Task details:
Among the lines below, keep only those from the one containing "(hessJ H J x *v h) \<le>" through the one containing "by (simp add: hessJ_def", and reproduce them exactly.

-- Opening Marker --

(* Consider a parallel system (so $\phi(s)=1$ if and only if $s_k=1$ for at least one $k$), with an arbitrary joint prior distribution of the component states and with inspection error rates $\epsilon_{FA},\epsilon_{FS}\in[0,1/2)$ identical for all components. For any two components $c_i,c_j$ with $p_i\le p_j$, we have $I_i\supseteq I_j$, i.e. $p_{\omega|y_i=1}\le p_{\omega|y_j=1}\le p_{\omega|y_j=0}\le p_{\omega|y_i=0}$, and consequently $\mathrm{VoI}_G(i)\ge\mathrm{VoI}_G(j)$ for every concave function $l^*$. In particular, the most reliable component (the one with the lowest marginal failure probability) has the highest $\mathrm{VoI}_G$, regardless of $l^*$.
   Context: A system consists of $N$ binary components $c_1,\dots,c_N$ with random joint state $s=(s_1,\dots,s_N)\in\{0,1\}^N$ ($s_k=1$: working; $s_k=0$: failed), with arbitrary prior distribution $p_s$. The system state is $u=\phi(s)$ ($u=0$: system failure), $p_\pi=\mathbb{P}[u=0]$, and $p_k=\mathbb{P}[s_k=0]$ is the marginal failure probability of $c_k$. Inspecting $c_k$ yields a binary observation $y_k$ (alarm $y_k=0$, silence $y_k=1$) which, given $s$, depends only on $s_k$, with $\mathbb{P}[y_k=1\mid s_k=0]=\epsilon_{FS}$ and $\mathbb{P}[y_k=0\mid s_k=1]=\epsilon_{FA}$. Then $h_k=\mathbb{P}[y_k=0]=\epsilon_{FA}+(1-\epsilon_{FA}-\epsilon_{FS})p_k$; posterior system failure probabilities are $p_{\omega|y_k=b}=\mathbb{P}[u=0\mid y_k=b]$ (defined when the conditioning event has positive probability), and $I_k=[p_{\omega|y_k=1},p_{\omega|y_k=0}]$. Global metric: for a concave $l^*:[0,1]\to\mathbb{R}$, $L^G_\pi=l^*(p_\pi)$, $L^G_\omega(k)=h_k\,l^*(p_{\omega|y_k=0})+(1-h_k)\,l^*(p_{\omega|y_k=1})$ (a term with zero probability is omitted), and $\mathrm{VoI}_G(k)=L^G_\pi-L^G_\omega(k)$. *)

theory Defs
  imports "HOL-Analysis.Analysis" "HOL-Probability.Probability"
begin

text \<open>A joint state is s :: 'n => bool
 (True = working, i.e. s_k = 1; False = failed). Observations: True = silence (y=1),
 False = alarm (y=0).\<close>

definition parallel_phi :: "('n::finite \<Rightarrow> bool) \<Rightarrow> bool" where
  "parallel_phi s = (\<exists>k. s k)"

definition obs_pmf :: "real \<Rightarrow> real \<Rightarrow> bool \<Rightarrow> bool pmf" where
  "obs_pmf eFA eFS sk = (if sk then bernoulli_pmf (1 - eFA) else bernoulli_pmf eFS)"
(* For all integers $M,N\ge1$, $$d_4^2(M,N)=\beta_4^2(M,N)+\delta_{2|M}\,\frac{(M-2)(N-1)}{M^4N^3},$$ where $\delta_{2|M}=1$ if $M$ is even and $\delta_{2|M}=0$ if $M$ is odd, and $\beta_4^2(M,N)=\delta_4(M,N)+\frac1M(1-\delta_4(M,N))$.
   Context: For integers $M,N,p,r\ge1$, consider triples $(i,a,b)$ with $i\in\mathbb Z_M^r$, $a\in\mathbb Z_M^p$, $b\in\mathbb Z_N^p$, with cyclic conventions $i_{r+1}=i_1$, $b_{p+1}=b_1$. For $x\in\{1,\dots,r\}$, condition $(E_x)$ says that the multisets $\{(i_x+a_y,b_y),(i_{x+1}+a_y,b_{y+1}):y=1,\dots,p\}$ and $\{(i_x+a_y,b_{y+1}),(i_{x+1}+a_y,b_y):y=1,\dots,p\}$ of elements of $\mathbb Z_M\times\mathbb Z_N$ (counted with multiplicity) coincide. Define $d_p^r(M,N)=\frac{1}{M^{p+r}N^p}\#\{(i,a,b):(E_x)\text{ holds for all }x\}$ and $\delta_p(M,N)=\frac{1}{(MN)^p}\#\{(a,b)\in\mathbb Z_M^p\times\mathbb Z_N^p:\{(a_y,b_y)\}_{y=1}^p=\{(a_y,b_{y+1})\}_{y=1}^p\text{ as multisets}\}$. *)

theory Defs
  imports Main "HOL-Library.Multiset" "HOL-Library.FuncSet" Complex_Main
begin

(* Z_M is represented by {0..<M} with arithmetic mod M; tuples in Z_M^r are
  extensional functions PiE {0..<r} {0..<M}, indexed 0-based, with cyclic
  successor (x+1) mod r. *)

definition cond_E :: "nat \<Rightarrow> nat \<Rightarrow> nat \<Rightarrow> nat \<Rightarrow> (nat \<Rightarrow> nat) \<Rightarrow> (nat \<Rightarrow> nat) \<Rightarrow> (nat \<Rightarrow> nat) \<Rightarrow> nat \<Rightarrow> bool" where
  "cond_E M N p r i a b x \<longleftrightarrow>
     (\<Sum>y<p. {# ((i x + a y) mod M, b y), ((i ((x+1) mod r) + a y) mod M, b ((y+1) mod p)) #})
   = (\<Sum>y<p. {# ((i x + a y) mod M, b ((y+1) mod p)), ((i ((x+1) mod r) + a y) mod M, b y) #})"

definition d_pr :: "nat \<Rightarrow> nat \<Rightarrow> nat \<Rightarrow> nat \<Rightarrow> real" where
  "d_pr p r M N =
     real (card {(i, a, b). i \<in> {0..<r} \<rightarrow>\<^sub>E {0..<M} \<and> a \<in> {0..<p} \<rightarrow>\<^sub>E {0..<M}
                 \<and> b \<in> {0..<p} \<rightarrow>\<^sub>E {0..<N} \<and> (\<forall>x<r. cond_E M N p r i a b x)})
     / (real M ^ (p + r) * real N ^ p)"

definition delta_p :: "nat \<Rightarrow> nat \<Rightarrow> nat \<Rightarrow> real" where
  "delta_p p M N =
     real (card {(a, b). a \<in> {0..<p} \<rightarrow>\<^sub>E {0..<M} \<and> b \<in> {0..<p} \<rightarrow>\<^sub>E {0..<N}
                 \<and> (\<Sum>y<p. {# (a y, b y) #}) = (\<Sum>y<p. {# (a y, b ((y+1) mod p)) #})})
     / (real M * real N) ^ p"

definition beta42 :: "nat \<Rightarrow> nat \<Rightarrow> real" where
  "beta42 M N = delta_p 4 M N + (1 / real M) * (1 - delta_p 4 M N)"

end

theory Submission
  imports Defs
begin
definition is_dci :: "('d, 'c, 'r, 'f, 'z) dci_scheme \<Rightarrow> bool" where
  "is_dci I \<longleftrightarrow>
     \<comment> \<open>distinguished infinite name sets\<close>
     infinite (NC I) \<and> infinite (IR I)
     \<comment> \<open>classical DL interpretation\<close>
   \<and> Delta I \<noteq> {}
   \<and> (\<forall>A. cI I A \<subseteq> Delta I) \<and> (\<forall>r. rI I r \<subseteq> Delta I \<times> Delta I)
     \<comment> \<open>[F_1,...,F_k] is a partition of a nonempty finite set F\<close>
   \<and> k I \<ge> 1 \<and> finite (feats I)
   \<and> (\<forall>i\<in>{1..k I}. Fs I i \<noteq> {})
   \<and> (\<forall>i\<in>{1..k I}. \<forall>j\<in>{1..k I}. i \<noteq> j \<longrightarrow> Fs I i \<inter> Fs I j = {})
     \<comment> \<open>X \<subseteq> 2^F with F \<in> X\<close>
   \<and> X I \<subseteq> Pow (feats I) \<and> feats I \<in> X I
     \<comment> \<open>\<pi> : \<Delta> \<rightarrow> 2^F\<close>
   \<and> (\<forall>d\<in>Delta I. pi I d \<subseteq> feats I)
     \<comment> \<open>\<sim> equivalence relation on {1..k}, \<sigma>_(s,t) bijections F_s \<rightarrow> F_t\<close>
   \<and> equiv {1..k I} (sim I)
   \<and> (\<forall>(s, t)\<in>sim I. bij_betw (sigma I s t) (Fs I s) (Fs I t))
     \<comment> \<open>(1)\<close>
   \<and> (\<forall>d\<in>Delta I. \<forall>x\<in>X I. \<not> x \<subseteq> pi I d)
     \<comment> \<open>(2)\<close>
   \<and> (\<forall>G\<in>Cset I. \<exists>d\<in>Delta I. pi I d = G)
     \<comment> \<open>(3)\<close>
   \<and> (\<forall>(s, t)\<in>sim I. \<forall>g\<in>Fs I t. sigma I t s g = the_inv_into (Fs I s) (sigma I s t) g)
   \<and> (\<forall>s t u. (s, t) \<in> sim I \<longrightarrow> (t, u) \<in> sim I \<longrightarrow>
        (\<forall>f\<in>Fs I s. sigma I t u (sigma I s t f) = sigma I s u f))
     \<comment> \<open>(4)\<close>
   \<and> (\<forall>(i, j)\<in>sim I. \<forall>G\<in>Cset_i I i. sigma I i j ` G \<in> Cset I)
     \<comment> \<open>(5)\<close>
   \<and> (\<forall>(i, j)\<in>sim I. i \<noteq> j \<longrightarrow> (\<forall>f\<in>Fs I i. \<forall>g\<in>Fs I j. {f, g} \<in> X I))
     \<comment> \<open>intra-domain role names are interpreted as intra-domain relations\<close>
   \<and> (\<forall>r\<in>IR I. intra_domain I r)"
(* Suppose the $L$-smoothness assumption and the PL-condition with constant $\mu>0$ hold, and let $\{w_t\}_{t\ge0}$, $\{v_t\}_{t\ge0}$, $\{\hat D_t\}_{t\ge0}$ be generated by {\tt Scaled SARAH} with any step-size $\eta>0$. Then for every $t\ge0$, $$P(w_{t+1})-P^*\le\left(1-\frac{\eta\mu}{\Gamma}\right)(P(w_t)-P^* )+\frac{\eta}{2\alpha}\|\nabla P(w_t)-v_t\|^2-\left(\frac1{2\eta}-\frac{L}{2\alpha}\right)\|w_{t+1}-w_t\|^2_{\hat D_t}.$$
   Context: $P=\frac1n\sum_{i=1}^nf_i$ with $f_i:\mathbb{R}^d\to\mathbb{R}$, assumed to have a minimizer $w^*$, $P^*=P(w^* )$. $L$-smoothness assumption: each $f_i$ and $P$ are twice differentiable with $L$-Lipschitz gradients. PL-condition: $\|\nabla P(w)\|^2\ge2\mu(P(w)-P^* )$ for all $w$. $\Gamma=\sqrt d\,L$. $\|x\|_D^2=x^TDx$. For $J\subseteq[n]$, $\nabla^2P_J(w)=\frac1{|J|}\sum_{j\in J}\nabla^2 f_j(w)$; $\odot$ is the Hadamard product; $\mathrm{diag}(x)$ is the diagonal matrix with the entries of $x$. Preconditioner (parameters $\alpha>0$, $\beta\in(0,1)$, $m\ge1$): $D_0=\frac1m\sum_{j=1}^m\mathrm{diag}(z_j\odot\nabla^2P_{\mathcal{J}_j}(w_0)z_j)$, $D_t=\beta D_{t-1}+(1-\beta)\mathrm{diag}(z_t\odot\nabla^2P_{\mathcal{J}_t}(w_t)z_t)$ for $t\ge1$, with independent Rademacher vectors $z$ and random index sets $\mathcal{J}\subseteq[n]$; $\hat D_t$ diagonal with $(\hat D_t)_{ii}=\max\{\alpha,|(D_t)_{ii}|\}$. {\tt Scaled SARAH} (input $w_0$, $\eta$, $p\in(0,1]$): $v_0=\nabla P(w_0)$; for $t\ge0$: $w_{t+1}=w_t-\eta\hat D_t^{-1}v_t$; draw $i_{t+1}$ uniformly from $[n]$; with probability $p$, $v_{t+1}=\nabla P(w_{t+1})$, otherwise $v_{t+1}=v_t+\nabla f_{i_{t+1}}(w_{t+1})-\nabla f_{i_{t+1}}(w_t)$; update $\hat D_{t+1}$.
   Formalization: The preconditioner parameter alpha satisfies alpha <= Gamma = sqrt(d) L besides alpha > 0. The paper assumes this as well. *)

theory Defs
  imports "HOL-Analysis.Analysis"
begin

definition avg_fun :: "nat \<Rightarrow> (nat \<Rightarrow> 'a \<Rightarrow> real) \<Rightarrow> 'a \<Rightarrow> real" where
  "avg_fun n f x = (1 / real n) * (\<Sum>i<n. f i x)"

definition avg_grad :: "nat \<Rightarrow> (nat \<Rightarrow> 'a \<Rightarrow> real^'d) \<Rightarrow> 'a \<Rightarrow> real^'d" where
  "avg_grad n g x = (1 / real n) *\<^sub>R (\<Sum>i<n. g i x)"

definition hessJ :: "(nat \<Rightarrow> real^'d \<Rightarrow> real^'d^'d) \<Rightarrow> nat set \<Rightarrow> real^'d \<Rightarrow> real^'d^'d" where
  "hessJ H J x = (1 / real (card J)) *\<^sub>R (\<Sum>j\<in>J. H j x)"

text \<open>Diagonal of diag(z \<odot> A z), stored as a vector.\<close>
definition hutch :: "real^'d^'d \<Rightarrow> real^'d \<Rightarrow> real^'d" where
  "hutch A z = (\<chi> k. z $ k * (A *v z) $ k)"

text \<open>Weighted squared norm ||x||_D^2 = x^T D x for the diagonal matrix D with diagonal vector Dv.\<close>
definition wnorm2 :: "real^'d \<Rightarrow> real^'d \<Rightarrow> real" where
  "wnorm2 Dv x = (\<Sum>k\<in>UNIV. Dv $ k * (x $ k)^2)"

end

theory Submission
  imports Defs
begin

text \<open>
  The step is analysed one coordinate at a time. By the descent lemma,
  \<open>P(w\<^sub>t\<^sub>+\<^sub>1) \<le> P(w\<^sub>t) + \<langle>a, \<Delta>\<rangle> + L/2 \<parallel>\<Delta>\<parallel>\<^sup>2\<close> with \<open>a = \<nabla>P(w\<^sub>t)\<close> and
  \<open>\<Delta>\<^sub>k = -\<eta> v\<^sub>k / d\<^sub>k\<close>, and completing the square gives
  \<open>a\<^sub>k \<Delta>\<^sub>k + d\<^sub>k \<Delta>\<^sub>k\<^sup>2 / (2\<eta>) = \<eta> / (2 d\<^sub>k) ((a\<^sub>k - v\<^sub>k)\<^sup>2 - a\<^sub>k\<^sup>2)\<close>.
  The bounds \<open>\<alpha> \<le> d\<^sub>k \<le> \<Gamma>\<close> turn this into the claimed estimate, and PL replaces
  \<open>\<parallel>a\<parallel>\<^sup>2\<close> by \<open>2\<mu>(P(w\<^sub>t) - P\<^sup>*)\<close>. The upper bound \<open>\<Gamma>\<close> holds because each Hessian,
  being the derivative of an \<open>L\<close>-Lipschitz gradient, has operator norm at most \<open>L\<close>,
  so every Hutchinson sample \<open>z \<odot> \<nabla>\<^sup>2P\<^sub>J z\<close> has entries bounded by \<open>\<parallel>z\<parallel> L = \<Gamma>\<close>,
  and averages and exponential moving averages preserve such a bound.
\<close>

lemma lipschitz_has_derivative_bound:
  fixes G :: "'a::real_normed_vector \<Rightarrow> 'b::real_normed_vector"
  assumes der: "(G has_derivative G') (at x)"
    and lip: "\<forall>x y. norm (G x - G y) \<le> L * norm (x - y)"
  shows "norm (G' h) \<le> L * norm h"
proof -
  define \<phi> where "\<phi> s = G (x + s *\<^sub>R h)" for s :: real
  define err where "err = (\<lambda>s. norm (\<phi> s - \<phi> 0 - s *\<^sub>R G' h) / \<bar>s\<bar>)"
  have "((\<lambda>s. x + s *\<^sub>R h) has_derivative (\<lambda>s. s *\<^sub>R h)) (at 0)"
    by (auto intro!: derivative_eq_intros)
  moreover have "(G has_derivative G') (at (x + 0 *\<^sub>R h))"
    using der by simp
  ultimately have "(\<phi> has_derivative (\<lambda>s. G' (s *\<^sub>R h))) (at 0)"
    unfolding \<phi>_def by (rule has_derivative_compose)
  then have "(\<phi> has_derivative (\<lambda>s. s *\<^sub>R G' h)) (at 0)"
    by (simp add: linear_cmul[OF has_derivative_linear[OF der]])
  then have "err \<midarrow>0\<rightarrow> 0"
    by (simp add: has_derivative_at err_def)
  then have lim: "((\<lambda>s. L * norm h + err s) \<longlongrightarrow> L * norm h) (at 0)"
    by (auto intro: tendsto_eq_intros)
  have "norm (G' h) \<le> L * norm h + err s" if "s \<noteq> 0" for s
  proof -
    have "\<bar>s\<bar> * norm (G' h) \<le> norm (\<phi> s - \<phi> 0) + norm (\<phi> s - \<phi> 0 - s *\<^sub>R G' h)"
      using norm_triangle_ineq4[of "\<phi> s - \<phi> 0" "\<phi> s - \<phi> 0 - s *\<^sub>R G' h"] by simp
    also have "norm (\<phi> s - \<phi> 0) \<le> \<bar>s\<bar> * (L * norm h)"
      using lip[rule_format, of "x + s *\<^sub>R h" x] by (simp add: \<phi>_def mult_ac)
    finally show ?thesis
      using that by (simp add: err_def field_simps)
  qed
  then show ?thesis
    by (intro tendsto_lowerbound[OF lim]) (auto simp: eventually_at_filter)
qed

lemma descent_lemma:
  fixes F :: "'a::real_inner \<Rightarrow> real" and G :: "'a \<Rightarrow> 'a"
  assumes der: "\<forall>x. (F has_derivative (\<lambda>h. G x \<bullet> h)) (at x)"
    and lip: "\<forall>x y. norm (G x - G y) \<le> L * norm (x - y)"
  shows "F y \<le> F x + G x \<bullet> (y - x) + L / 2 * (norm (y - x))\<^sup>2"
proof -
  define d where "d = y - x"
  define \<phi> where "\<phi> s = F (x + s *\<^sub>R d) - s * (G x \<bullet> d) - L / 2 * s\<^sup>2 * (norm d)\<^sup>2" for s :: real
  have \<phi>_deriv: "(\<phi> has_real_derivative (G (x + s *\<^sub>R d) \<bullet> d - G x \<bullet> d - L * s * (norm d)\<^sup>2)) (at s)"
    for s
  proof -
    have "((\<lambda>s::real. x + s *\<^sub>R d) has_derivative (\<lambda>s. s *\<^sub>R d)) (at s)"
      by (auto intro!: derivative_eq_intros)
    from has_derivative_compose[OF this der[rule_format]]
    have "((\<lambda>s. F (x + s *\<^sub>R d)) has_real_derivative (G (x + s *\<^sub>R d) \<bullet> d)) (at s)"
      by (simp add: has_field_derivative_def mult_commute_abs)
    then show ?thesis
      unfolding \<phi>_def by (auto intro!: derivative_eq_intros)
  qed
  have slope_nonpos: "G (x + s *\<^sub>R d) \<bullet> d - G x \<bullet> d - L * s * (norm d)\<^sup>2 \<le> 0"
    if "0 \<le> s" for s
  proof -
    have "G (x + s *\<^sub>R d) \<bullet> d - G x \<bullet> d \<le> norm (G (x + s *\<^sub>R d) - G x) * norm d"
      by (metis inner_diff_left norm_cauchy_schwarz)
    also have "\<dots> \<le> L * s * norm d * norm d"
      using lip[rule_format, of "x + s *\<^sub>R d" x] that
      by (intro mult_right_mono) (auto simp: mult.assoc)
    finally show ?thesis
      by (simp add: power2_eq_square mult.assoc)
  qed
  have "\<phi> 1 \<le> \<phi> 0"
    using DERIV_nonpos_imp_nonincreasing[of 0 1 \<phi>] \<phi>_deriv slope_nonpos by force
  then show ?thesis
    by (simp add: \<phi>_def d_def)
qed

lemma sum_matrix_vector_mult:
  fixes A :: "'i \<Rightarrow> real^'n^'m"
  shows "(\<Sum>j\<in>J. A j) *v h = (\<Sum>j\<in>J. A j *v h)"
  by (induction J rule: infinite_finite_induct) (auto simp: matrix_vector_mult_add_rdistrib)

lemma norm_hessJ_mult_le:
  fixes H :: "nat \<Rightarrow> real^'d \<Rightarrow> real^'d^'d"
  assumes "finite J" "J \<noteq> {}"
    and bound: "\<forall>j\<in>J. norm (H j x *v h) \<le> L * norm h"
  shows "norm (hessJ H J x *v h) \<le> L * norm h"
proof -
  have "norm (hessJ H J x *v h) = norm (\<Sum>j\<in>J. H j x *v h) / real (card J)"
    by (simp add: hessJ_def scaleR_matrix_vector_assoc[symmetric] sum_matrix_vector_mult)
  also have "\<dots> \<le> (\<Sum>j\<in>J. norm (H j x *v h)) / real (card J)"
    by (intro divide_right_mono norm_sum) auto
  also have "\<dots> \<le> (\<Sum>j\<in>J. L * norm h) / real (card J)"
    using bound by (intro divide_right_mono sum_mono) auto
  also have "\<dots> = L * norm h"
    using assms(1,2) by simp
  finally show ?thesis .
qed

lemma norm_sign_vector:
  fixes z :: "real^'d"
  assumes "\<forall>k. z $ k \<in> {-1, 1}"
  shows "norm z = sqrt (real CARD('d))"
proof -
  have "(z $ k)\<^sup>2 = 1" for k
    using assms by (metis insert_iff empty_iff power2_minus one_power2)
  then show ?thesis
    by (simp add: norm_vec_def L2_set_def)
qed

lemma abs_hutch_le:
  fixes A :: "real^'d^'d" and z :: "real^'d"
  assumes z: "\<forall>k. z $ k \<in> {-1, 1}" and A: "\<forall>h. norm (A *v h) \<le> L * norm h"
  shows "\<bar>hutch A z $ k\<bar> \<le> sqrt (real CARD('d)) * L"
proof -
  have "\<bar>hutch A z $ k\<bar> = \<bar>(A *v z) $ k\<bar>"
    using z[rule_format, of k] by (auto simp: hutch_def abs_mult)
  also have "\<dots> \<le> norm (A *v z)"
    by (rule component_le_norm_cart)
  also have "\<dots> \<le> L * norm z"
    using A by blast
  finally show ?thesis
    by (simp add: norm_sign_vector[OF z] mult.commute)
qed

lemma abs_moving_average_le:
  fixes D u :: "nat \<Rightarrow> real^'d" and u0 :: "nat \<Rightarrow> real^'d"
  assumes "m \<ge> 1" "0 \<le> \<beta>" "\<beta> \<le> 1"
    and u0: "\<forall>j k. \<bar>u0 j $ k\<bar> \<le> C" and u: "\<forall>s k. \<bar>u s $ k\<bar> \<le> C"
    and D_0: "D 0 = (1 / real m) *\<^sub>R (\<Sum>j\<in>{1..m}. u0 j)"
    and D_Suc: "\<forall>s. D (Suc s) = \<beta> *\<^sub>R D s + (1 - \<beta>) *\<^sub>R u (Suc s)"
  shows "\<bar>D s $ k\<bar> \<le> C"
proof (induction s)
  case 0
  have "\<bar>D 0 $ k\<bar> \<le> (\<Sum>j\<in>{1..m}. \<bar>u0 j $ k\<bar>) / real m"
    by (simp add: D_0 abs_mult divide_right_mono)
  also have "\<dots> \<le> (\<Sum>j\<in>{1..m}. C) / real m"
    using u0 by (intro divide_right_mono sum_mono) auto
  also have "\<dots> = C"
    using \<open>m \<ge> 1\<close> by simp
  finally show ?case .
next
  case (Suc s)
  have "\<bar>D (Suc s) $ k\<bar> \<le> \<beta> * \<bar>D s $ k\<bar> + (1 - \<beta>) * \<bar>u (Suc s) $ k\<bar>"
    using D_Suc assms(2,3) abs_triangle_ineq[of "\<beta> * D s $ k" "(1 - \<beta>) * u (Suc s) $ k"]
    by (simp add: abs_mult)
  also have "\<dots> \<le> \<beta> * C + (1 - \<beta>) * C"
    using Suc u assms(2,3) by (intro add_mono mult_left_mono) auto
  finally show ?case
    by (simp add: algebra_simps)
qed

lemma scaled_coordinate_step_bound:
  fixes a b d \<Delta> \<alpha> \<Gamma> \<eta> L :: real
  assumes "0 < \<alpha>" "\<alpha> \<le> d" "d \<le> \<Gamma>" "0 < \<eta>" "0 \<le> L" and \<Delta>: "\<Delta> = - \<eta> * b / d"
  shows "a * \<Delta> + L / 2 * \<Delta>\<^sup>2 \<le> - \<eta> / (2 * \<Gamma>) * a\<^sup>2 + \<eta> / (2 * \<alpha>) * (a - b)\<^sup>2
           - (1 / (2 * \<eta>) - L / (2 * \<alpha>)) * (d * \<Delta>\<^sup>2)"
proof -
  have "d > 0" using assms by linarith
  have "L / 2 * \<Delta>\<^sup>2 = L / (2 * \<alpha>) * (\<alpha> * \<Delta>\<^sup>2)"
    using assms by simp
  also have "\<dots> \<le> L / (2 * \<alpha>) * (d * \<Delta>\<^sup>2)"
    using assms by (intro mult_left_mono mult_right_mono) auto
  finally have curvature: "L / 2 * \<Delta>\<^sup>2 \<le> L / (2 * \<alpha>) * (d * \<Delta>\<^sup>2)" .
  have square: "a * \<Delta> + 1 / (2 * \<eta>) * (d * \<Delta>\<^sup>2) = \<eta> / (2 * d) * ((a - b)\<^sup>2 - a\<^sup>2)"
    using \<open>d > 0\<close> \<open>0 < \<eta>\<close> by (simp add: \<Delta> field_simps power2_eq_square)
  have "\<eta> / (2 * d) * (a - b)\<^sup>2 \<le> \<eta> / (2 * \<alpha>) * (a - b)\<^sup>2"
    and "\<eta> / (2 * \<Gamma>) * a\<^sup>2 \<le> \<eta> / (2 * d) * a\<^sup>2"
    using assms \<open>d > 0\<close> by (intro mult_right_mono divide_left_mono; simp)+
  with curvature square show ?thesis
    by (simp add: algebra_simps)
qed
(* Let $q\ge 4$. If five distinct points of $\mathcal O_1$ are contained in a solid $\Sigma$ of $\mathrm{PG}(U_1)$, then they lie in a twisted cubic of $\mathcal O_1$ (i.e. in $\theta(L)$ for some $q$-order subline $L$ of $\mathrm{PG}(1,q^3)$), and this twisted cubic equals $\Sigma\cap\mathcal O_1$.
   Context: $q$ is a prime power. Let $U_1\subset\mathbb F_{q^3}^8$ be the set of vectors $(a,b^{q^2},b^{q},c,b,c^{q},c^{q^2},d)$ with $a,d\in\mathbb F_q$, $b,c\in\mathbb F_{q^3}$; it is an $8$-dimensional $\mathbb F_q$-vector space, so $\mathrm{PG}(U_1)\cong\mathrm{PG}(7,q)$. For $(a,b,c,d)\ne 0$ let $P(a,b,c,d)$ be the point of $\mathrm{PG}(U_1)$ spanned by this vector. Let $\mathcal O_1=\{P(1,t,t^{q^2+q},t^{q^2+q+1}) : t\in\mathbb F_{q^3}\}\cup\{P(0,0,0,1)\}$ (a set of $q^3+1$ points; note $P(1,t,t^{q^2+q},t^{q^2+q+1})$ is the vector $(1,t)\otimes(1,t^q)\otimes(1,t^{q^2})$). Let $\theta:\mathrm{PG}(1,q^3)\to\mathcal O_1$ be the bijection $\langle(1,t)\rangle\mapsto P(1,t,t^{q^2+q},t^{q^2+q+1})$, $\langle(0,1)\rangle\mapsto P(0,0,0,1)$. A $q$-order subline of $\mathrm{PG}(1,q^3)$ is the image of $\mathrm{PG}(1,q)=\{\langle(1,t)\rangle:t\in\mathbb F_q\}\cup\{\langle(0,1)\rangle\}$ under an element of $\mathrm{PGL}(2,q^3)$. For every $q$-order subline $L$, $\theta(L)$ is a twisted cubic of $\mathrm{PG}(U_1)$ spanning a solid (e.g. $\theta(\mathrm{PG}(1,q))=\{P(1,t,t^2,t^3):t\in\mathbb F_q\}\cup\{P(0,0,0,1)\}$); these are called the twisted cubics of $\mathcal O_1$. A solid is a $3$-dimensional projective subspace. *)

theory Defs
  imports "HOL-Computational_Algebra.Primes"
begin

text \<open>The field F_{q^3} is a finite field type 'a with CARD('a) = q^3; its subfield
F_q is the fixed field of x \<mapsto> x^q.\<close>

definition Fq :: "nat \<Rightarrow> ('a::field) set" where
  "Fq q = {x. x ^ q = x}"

-- Closing Marker --

Response area:
  shows "norm (hessJ H J x *v h) \<le> L * norm h"
proof -
  have "norm (hessJ H J x *v h) = norm (\<Sum>j\<in>J. H j x *v h) / real (card J)"
    by (simp add: hessJ_def scaleR_matrix_vector_assoc[symmetric] sum_matrix_vector_mult)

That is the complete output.